Go through the lines below and copy each one that holds the string "fastforce".

*** Material provided ***

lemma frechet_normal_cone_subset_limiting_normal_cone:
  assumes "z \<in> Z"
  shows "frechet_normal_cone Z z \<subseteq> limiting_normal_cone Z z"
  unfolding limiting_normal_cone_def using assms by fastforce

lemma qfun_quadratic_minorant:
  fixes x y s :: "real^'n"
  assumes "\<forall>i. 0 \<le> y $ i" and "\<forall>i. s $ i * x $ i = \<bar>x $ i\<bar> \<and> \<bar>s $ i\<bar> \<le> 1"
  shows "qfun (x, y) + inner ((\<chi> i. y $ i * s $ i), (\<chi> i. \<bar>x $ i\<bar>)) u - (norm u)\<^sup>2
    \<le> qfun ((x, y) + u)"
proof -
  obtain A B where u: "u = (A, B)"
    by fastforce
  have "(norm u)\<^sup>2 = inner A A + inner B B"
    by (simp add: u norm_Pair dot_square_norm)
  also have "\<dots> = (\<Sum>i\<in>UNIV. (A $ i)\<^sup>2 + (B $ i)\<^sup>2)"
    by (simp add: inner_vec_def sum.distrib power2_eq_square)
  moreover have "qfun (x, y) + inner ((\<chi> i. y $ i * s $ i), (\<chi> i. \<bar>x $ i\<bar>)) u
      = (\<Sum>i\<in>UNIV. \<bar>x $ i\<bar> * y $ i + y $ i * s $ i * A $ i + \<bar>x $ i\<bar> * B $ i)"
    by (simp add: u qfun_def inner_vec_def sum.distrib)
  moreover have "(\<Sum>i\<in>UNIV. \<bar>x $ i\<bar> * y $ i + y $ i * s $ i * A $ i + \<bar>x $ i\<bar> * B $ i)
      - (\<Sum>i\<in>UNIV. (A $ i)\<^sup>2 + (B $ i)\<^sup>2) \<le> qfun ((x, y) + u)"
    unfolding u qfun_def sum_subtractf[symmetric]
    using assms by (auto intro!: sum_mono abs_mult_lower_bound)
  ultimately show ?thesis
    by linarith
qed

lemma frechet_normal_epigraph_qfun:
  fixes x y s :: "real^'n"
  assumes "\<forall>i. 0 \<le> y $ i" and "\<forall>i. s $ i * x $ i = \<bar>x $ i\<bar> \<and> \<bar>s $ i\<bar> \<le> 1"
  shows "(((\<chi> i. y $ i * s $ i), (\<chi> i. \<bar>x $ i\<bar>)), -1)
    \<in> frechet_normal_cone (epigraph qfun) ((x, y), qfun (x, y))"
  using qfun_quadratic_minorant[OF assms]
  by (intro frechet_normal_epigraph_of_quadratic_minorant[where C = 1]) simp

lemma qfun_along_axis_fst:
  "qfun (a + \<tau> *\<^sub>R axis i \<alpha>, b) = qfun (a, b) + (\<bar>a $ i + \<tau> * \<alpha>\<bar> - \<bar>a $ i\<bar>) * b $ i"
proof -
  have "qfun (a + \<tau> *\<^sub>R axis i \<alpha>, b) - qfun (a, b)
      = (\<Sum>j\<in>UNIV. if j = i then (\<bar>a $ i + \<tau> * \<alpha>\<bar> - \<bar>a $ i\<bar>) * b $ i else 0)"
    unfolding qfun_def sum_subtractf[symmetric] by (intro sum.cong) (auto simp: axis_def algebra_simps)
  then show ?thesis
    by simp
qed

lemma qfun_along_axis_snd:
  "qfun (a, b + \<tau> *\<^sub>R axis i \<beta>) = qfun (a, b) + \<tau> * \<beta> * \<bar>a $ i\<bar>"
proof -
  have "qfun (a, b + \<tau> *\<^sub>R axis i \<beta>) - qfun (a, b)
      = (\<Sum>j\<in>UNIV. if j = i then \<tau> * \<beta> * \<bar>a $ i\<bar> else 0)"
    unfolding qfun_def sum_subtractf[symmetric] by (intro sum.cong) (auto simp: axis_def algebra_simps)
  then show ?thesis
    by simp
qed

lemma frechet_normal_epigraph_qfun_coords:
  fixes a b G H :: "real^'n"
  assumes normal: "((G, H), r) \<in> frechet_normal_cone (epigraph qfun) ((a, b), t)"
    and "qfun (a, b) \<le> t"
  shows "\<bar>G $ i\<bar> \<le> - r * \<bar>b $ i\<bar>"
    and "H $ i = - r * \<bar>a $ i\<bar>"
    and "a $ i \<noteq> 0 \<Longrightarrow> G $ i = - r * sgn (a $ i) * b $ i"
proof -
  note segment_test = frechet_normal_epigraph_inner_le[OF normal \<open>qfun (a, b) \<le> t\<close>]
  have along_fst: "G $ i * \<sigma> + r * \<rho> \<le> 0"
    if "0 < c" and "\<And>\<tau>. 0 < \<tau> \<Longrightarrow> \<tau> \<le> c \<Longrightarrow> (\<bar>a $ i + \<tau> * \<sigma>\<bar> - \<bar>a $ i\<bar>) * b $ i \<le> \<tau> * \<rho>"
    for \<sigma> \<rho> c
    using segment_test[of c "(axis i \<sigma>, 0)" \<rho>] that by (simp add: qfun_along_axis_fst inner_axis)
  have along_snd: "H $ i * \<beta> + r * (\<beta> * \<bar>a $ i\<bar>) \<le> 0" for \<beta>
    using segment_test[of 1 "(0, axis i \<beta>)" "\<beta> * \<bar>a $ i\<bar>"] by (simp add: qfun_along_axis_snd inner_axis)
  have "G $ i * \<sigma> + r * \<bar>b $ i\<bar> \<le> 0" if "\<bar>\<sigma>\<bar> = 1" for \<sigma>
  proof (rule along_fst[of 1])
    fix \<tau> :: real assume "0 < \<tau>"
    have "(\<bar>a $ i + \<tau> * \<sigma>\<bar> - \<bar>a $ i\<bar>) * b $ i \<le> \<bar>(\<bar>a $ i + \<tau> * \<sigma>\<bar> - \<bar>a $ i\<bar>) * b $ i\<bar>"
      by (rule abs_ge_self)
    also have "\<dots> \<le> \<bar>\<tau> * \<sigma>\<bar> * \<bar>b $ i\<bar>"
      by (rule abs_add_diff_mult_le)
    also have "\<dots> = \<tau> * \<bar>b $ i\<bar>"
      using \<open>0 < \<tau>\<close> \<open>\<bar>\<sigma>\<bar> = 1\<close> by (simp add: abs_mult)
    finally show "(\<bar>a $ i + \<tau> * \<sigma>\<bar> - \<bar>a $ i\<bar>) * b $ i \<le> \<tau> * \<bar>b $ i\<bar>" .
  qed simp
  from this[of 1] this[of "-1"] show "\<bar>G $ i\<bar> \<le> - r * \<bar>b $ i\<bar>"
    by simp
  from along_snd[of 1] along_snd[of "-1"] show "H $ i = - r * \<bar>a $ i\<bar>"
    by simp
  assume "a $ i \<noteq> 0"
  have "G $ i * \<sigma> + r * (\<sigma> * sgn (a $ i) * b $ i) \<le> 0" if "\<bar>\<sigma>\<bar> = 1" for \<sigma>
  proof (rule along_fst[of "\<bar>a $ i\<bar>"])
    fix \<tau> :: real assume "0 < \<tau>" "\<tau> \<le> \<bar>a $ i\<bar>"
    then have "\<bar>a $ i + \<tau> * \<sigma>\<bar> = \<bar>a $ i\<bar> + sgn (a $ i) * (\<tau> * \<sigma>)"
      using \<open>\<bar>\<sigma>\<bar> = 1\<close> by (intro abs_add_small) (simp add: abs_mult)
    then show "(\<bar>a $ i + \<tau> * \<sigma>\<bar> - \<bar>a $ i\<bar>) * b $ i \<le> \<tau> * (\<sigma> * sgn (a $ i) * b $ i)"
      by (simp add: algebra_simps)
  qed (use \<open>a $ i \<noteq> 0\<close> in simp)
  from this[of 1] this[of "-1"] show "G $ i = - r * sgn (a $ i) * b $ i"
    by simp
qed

*** End of Material provided ***
*** Material provided ***

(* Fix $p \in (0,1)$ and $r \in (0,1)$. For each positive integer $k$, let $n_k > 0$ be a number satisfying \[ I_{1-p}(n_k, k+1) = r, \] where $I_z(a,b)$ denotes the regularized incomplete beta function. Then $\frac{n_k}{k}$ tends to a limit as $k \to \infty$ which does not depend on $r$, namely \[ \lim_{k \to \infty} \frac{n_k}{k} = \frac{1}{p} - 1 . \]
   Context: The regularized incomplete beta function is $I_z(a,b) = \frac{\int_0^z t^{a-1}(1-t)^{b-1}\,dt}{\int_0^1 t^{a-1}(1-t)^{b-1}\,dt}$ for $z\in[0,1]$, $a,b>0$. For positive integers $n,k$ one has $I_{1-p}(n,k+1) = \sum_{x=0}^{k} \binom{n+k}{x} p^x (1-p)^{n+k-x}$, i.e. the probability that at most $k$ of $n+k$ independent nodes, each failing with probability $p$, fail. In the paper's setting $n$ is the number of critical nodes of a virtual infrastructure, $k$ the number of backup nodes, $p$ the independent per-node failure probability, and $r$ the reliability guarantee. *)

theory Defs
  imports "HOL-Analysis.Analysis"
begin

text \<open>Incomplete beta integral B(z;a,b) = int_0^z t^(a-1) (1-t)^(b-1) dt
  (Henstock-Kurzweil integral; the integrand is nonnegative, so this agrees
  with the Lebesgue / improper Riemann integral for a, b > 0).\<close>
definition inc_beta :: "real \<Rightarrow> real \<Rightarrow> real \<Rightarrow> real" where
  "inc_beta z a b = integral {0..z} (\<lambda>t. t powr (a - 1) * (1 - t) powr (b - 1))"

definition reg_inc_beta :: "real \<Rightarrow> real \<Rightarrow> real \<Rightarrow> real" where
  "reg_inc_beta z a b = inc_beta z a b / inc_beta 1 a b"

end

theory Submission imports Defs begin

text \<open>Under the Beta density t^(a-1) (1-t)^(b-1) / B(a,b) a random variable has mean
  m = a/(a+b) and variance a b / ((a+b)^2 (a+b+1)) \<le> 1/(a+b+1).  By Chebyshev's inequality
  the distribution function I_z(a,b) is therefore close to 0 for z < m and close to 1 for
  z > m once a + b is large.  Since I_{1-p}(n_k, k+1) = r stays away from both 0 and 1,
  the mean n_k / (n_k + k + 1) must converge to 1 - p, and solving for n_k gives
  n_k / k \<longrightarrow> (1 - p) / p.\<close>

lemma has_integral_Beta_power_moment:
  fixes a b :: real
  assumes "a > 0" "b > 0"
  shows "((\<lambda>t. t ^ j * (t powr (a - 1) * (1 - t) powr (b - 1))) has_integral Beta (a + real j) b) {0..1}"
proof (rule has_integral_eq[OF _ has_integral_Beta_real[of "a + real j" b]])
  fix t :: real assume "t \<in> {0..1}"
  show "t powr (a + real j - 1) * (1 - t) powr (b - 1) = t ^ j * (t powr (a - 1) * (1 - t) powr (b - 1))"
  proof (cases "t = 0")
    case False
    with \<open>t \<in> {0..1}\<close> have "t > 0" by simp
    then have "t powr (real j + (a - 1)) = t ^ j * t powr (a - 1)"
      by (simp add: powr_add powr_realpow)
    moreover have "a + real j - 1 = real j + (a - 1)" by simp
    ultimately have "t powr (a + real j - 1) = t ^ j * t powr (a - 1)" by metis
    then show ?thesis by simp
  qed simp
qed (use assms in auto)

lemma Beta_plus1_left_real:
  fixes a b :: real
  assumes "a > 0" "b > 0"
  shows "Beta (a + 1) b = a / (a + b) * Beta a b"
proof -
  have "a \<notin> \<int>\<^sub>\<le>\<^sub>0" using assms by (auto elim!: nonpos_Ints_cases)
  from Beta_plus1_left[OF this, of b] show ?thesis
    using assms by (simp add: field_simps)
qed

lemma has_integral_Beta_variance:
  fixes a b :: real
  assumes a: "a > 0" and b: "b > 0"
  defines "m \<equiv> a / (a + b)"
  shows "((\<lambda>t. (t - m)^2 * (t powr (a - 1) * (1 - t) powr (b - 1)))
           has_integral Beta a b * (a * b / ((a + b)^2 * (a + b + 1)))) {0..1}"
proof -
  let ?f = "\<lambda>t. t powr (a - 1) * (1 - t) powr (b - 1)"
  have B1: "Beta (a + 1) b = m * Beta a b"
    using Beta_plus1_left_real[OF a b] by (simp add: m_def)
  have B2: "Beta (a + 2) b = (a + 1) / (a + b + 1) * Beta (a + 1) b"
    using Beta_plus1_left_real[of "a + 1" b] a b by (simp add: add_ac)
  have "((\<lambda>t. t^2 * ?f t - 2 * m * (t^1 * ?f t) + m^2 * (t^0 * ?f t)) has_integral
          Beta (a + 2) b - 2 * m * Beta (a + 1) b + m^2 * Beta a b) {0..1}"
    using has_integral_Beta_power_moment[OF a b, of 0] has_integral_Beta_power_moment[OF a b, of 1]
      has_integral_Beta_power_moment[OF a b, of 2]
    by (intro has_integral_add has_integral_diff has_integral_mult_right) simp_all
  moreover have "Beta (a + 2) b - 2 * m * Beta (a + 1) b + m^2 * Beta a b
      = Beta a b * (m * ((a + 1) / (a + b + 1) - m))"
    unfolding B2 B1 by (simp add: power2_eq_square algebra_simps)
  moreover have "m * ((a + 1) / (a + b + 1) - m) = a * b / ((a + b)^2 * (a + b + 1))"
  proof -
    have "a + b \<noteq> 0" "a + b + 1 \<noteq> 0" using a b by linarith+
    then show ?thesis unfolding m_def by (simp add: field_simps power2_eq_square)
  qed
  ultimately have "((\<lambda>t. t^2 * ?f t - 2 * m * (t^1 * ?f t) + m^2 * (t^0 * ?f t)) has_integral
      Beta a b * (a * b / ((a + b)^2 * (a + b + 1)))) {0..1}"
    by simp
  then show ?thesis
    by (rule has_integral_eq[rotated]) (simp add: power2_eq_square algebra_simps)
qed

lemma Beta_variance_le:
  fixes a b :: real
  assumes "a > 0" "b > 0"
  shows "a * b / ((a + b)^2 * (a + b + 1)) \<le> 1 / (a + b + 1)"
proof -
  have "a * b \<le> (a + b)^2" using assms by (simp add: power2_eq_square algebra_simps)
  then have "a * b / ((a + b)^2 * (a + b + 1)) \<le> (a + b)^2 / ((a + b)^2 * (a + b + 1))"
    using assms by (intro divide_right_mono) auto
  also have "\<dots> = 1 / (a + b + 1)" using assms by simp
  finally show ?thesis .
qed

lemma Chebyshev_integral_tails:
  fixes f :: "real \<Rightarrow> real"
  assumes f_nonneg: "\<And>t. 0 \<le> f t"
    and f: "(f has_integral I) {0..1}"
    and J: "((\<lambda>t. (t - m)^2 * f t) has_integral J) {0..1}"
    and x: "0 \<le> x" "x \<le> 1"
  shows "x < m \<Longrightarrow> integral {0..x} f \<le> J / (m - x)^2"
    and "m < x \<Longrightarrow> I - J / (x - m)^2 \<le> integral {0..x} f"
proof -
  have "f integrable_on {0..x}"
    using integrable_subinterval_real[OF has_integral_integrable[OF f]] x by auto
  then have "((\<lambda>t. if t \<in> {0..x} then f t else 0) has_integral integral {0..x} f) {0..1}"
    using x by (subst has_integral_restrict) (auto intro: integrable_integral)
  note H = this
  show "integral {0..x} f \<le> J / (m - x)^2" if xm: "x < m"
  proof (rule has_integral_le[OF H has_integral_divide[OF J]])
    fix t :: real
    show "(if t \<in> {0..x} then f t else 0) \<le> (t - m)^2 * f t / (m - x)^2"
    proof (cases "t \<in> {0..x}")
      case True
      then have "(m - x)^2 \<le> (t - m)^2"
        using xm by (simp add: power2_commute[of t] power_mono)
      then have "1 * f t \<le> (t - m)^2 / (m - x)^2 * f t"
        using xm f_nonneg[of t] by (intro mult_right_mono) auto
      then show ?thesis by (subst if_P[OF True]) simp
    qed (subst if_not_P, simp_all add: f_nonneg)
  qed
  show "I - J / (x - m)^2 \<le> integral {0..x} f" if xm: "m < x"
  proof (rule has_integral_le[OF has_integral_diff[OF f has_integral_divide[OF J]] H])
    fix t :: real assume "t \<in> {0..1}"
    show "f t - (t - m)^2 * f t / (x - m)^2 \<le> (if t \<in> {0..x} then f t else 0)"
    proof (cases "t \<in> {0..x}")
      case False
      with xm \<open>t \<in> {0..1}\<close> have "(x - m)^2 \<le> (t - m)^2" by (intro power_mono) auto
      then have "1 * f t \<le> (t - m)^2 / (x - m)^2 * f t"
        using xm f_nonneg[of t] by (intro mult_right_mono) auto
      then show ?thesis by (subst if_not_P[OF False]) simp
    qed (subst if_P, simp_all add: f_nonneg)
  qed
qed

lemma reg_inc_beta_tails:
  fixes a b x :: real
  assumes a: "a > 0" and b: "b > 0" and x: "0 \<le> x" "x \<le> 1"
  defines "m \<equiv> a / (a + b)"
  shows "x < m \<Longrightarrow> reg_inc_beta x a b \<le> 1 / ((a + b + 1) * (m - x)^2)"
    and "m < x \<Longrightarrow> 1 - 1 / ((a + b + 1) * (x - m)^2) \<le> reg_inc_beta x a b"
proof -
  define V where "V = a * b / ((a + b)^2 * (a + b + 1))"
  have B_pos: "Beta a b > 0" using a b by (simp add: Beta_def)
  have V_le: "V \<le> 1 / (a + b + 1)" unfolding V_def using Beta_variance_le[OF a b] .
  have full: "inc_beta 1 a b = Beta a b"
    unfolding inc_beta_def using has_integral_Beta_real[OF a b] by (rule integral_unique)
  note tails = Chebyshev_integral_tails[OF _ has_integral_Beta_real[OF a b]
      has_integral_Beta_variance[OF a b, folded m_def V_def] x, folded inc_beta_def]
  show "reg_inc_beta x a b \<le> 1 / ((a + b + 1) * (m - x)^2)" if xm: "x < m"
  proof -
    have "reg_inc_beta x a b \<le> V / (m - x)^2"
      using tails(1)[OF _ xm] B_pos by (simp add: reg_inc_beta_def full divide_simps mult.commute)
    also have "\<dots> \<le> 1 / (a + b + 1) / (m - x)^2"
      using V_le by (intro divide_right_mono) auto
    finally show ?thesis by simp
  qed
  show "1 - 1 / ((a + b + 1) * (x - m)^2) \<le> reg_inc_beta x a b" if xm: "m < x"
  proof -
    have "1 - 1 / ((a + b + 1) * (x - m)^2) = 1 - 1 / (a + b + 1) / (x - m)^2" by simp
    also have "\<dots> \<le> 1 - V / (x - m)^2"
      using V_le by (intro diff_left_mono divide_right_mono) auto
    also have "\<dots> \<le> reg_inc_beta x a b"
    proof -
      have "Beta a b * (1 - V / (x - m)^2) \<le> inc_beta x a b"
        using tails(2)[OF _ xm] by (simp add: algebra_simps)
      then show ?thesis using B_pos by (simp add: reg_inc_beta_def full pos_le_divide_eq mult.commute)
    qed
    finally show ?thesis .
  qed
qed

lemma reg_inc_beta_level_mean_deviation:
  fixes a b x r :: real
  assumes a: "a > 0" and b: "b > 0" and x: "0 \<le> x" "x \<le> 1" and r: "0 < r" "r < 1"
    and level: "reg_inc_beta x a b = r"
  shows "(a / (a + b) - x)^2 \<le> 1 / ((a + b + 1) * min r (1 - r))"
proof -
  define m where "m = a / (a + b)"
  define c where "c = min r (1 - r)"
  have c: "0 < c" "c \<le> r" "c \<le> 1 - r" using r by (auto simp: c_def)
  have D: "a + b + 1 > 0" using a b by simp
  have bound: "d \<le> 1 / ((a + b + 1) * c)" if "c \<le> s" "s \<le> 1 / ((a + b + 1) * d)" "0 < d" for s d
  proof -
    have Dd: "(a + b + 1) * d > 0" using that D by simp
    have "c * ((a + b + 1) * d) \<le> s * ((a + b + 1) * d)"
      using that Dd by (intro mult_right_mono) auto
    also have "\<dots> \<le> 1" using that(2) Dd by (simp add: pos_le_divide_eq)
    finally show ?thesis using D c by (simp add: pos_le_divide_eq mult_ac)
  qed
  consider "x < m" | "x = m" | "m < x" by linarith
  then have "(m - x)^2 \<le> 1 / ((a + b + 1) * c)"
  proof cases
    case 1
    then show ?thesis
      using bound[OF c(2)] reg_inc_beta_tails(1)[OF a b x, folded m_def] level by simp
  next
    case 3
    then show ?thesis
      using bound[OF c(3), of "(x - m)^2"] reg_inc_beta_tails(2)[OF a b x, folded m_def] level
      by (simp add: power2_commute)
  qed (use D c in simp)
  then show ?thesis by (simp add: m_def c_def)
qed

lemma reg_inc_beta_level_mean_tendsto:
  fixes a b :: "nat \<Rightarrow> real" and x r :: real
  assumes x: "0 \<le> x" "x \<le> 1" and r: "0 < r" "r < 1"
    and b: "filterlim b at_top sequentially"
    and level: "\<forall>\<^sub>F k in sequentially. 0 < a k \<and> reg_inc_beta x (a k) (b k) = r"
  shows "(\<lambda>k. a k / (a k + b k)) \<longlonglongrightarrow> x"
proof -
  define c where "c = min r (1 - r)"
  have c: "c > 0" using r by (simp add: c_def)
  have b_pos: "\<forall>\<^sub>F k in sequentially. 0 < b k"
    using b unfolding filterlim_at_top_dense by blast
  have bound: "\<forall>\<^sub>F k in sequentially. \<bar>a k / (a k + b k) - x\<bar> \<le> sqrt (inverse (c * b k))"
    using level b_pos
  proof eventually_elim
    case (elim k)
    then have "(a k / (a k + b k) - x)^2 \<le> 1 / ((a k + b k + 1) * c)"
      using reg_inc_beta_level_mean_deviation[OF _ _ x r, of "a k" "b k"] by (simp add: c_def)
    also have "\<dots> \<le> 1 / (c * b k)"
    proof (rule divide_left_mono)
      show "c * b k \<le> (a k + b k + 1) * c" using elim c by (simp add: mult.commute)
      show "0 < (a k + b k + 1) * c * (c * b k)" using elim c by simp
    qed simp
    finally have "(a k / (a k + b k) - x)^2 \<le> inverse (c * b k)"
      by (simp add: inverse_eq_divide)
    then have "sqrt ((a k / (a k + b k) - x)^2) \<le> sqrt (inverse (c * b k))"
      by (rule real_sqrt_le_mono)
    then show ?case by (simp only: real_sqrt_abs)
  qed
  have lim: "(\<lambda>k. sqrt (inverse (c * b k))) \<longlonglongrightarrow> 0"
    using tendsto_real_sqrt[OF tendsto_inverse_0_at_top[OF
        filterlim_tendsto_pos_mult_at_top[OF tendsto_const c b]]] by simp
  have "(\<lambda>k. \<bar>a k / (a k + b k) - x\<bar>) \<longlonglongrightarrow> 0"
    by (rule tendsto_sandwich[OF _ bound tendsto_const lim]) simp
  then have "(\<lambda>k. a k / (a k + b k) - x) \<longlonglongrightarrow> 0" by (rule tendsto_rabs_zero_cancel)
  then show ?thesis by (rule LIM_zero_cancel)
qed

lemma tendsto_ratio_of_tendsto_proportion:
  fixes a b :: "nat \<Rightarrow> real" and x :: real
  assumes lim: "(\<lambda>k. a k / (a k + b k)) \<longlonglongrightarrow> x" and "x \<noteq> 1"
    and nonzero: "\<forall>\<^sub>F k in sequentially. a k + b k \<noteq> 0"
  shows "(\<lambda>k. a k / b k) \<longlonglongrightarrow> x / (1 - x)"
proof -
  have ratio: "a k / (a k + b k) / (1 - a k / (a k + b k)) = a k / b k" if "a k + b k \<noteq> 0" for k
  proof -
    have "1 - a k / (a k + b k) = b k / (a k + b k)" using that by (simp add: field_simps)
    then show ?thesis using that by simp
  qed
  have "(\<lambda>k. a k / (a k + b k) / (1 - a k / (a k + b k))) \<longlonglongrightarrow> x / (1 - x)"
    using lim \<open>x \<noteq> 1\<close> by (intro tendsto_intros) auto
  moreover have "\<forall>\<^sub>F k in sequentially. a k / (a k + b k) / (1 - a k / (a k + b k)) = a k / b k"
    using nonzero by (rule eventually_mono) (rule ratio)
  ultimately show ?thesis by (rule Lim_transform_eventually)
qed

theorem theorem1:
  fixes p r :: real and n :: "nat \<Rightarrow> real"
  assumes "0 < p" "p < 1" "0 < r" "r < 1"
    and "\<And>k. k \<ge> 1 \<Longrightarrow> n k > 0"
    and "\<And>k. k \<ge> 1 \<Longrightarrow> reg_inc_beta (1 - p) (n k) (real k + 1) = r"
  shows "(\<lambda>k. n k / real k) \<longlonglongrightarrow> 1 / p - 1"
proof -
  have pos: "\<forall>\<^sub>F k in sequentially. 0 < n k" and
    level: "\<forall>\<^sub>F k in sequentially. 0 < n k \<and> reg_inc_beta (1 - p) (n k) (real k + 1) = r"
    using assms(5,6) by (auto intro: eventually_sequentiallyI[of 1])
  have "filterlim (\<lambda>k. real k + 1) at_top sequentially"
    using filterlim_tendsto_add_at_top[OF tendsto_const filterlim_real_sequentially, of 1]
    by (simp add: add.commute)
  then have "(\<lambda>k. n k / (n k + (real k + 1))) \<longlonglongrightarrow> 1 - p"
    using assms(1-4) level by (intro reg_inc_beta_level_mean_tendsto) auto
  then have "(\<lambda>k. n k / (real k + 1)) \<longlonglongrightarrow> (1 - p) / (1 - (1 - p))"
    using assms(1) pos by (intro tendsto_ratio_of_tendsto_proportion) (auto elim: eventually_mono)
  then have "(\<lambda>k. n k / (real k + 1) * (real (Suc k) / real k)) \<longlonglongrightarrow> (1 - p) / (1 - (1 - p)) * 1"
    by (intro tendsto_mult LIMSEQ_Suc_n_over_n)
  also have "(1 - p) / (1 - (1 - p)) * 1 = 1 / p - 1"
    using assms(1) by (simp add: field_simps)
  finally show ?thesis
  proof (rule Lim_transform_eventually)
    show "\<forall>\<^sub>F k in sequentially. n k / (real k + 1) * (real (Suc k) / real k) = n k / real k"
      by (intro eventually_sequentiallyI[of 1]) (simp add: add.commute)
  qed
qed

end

*** End of Material provided ***

Your solution -
  unfolding limiting_normal_cone_def using assms by fastforce
    by fastforce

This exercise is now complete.